--- Task directions ---
When you reach the line containing "by (simp add: Delta_commute[of a])" in the entries below, begin reproducing lines exactly, and stop once the line containing "of_real (expect (\<lambda>a." is done.

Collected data
^^^^
lemma Delta_commute: "Delta a (Delta b h) = Delta b (Delta a h)"
  by (simp add: Delta_def fun_eq_iff vadd_assoc vadd_commute[of a b] mult_ac)

lemma expect_expect_Delta: "expect (\<lambda>b. expect (Delta b g)) = of_real ((cmod (expect g))\<^sup>2)"
proof -
  have "expect (\<lambda>b. expect (Delta b g)) = expect (\<lambda>x. expect (\<lambda>b. g (vadd b x)) * cnj (g x))"
    by (subst expect_swap) (simp add: Delta_def expect_mult_left vadd_commute mult.commute)
  also have "\<dots> = expect g * cnj (expect g)"
    by (simp add: expect_vadd_translate expect_mult_left cnj_expect mult.commute)
  finally show ?thesis
    by (simp only: complex_norm_square)
qed

lemma expect_Delta_Delta_eq_sum_fourier_pow4:
  "expect (\<lambda>b. expect (\<lambda>c. expect (Delta b (Delta c h)))) =
    (\<Sum>b\<in>UNIV. of_real ((cmod (fourier h b)) ^ 4))"
proof -
  define P :: "_ \<Rightarrow> complex" where "P b = of_real ((cmod (fourier h b))\<^sup>2)" for b
  have "expect (\<lambda>b. expect (\<lambda>c. expect (Delta b (Delta c h)))) =
      expect (\<lambda>c. (\<Sum>b\<in>UNIV. P b * chr c b) * cnj (\<Sum>b'\<in>UNIV. P b' * chr c b'))"
    by (subst expect_swap, simp only: expect_expect_Delta)
      (simp add: expect_Delta_eq_sum_fourier complex_norm_square P_def del: of_real_power)
  also have "\<dots> = expect (\<lambda>c. \<Sum>b\<in>UNIV. \<Sum>b'\<in>UNIV. P b * P b' * (chr c b * chr c b'))"
    by (simp add: P_def cnj_sum sum_product mult_ac)
  also have "\<dots> = (\<Sum>b\<in>UNIV. \<Sum>b'\<in>UNIV. P b * P b' * expect (\<lambda>c. chr c b * chr c b'))"
    by (simp add: expect_sum expect_mult_left)
  also have "\<dots> = (\<Sum>b\<in>UNIV. P b * P b)"
    by (simp add: expect_chr_mult_chr if_distrib[of "\<lambda>t. _ * t"] cong: if_cong)
  finally show ?thesis
    by (simp add: P_def power2_eq_square[symmetric] power_mult[symmetric])
qed

lemma U3norm_eq:
  "U3norm \<phi> = expect (\<lambda>a. \<Sum>b\<in>UNIV. (cmod (fourier (Delta a \<phi>) b)) ^ 4) powr (1/8)"
proof -
  have reorder: "expect (\<lambda>x. expect (\<lambda>b. expect (\<lambda>c. Delta a (Delta b (Delta c \<phi>)) x))) =
      expect (\<lambda>b. expect (\<lambda>c. expect (Delta b (Delta c (Delta a \<phi>)))))" for a
  proof -
    have "expect (\<lambda>x. expect (\<lambda>b. expect (\<lambda>c. Delta a (Delta b (Delta c \<phi>)) x))) =
        expect (\<lambda>b. expect (\<lambda>x. expect (\<lambda>c. Delta a (Delta b (Delta c \<phi>)) x)))"
      by (rule expect_swap)
    also have "\<dots> = expect (\<lambda>b. expect (\<lambda>c. expect (Delta a (Delta b (Delta c \<phi>)))))"
      by (rule expect_cong, rule expect_swap)
    finally show ?thesis
      by (simp add: Delta_commute[of a])
  qed
  have "expect (\<lambda>x. expect (\<lambda>a. expect (\<lambda>b. expect (\<lambda>c. Delta a (Delta b (Delta c \<phi>)) x)))) =
      of_real (expect (\<lambda>a. \<Sum>b\<in>UNIV. (cmod (fourier (Delta a \<phi>) b)) ^ 4))"
    by (subst expect_swap)
      (simp add: reorder expect_Delta_Delta_eq_sum_fourier_pow4 expect_of_real[symmetric])
  then show ?thesis
    by (simp add: U3norm_def)
qed

lemma norm2_nonneg: "0 \<le> norm2 \<phi>"
  by (simp add: norm2_def expect_def sum_nonneg)

lemma norm2_power2: "(norm2 \<phi>)\<^sup>2 = expect (\<lambda>x. (cmod (\<phi> x))\<^sup>2)"
  by (simp add: norm2_def expect_def sum_nonneg)

lemma norm_fourier_Delta_le: "cmod (fourier (Delta a \<phi>) b) \<le> (norm2 \<phi>)\<^sup>2"
proof -
  have "cmod (fourier (Delta a \<phi>) b) \<le> expect (\<lambda>x. cmod (\<phi> (vadd x a)) * cmod (\<phi> x))"
    using norm_expect_le[of "\<lambda>x. Delta a \<phi> x * chr b x"]
    by (simp add: fourier_def Delta_def norm_mult)
  also have "\<dots> \<le> expect (\<lambda>x. ((cmod (\<phi> (vadd x a)))\<^sup>2 + (cmod (\<phi> x))\<^sup>2) / 2)"
  proof (rule expect_mono)
    fix x
    show "cmod (\<phi> (vadd x a)) * cmod (\<phi> x) \<le> ((cmod (\<phi> (vadd x a)))\<^sup>2 + (cmod (\<phi> x))\<^sup>2) / 2"
      using sum_squares_bound[of "cmod (\<phi> (vadd x a))" "cmod (\<phi> x)"] by simp
  qed
  also have "\<dots> = (norm2 \<phi>)\<^sup>2"
    by (simp add: norm2_power2 expect_def sum.distrib sum_divide_distrib[symmetric]
        sum_vadd_translate[of "\<lambda>x. (cmod (\<phi> x))\<^sup>2"])
  finally show ?thesis .
qed

lemma norm_fourier_Delta_vzero: "cmod (fourier (Delta vzero \<phi>) vzero) = (norm2 \<phi>)\<^sup>2"
proof -
  have "fourier (Delta vzero \<phi>) vzero = of_real ((norm2 \<phi>)\<^sup>2)"
    by (simp add: norm2_power2 fourier_def Delta_def complex_norm_square expect_of_real[symmetric]
        del: of_real_power)
  then show ?thesis
    by (simp add: norm_power)
qed

section \<open>Self-dual sets are Lagrangian\<close>

definition sympl_sign :: "('n::finite) vec2 \<times> 'n vec2 \<Rightarrow> 'n vec2 \<times> 'n vec2 \<Rightarrow> real" where
  "sympl_sign u v = (if sympl u v then -1 else 1)"

lemma sympl_vadd_right:
  "sympl w (vadd (fst u) (fst v), vadd (snd u) (snd v)) = (sympl w u \<noteq> sympl w v)"
  by (auto simp: sympl_def dot2_vadd)

lemma sympl_vzero_right [simp]: "\<not> sympl u (vzero, vzero)"
  by (simp add: sympl_def)

lemma lagrangian_if_eq_symplectic_complement:
  assumes L: "\<And>v. v \<in> L \<longleftrightarrow> (\<forall>u\<in>L. \<not> sympl u v)"
  shows "lagrangian L"
proof -
  have "(vzero, vzero) \<in> L"
    using L[of "(vzero, vzero)"] by simp
  moreover have "(vadd (fst u) (fst v), vadd (snd u) (snd v)) \<in> L" if "u \<in> L" "v \<in> L" for u v
    using L[of u] L[of v] L[of "(vadd (fst u) (fst v), vadd (snd u) (snd v))"] that
    by (auto simp: sympl_vadd_right)
  moreover have "\<not> sympl u v" if "u \<in> L" "v \<in> L" for u v
    using L[of v] that by blast
  ultimately have "isotropic L"
    by (simp add: isotropic_def subspace2_def)
  moreover have "M = L" if "isotropic M" "L \<subseteq> M" for M
  proof -
    have "v \<in> L" if "v \<in> M" for v
      using L[of v] \<open>isotropic M\<close> \<open>L \<subseteq> M\<close> \<open>v \<in> M\<close> by (auto simp: isotropic_def)
    then show ?thesis
      using \<open>L \<subseteq> M\<close> by blast
  qed
  ultimately show ?thesis
    by (simp add: lagrangian_def)
qed
(* Let $\alpha\in\mathbb{C}$ with $\Re(\alpha)>-1/2$ (so that also $\Re(\alpha+1)>-1/2$). Then the canonical forms of the dual sequences satisfy $$x\,u_0(\alpha)=\frac{\alpha^2}{2\alpha+1}\,u_0(\alpha+1).$$
   Context: Let $\mathcal{A}$ be the differential operator $\mathcal{A}f(x)=-x^2f''(x)-xf'(x)+x^2f(x)$ with iterates $\mathcal{A}^n$. For $\Re(\alpha)>-1/2$, $p_n(x;\alpha)=(-1)^n e^{x}x^{-\alpha}\mathcal{A}^n(e^{-x}x^{\alpha})$ is a polynomial of degree $n$ with leading coefficient $(-2)^n(\alpha+1/2)_n$, and $P_n(x;\alpha)=p_n(x;\alpha)/\big((-2)^n(\alpha+1/2)_n\big)$. $u_0(\alpha)$ is the linear functional on complex polynomials determined by $\langle u_0(\alpha),P_k(\cdot;\alpha)\rangle=\delta_{0,k}$, $k\ge0$; for a polynomial $g$, $gu$ denotes the form $f\mapsto\langle u,gf\rangle$. *)

theory Defs
  imports "HOL-Analysis.Analysis" "HOL-Computational_Algebra.Polynomial"
begin

definition opA :: "(complex \<Rightarrow> complex) \<Rightarrow> complex \<Rightarrow> complex" where
  "opA f = (\<lambda>x. - (x^2 * deriv (deriv f) x) - x * deriv f x + x^2 * f x)"

text \<open>The weight e^{-x} x^alpha (principal branch, holomorphic off the nonpositive reals).\<close>
definition wgt :: "complex \<Rightarrow> complex \<Rightarrow> complex" where
  "wgt \<alpha> = (\<lambda>x. exp (- x) * x powr \<alpha>)"

definition pn :: "nat \<Rightarrow> complex \<Rightarrow> complex poly" where
  "pn n \<alpha> = (THE q. \<forall>x::real. x > 0 \<longrightarrow>
      poly q (of_real x) = (-1)^n * exp (of_real x) * (of_real x) powr (- \<alpha>)
                           * (opA ^^ n) (wgt \<alpha>) (of_real x))"

text \<open>Monic normalisation P_n = p_n / ((-2)^n (alpha+1/2)_n).\<close>
definition Pn :: "nat \<Rightarrow> complex \<Rightarrow> complex poly" where
  "Pn n \<alpha> = smult (inverse ((-2)^n * pochhammer (\<alpha> + 1/2) n)) (pn n \<alpha>)"

definition u0 :: "complex \<Rightarrow> complex poly \<Rightarrow> complex" where
  "u0 \<alpha> = (THE u. (\<forall>f g. u (f + g) = u f + u g) \<and> (\<forall>c f. u (smult c f) = c * u f)
                 \<and> (\<forall>k. u (Pn k \<alpha>) = (if k = 0 then 1 else 0)))"

end

theory Submission imports Defs begin
definition phi_star_coeff :: "(int \<Rightarrow> real) \<Rightarrow> int \<Rightarrow> real \<Rightarrow> complex" where
  "phi_star_coeff \<gamma> n \<theta> = of_real (C \<gamma> n) * exp (- \<i> * of_int n * of_real \<theta>) * Lprod_star \<gamma> n \<theta> * Rprod_star \<gamma> n \<theta>"

definition Bracket :: "(int \<Rightarrow> real) \<Rightarrow> int \<Rightarrow> real \<Rightarrow> complex" where
  "Bracket \<gamma> n \<theta> = 1 / (1 + of_real (S \<gamma> n) * exp (- \<i> * of_real \<theta>))
                    + 1 / (1 - of_real (S \<gamma> n) * exp (\<i> * of_real \<theta>)) - 1"

definition A :: "(int \<Rightarrow> real) \<Rightarrow> int \<Rightarrow> real \<Rightarrow> complex" where
  "A \<gamma> n \<theta> = exp (- \<i> * of_int n * of_real \<theta>)
      / (of_real (C \<gamma> n) * Lprod \<gamma> n \<theta> * Rprod \<gamma> n \<theta>) * Bracket \<gamma> n \<theta>"

definition A_star :: "(int \<Rightarrow> real) \<Rightarrow> int \<Rightarrow> real \<Rightarrow> complex" where
  "A_star \<gamma> n \<theta> = exp (\<i> * of_int n * of_real \<theta>)
      / (of_real (C \<gamma> n) * Lprod_star \<gamma> n \<theta> * Rprod_star \<gamma> n \<theta>) * Bracket \<gamma> n \<theta>"

end

theory Submission
  imports Defs "HOL-Complex_Analysis.Complex_Analysis"
begin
^^^^
--- Solution to this exercise ---
      by (simp add: Delta_commute[of a])
  qed
  have "expect (\<lambda>x. expect (\<lambda>a. expect (\<lambda>b. expect (\<lambda>c. Delta a (Delta b (Delta c \<phi>)) x)))) =
      of_real (expect (\<lambda>a. \<Sum>b\<in>UNIV. (cmod (fourier (Delta a \<phi>) b)) ^ 4))"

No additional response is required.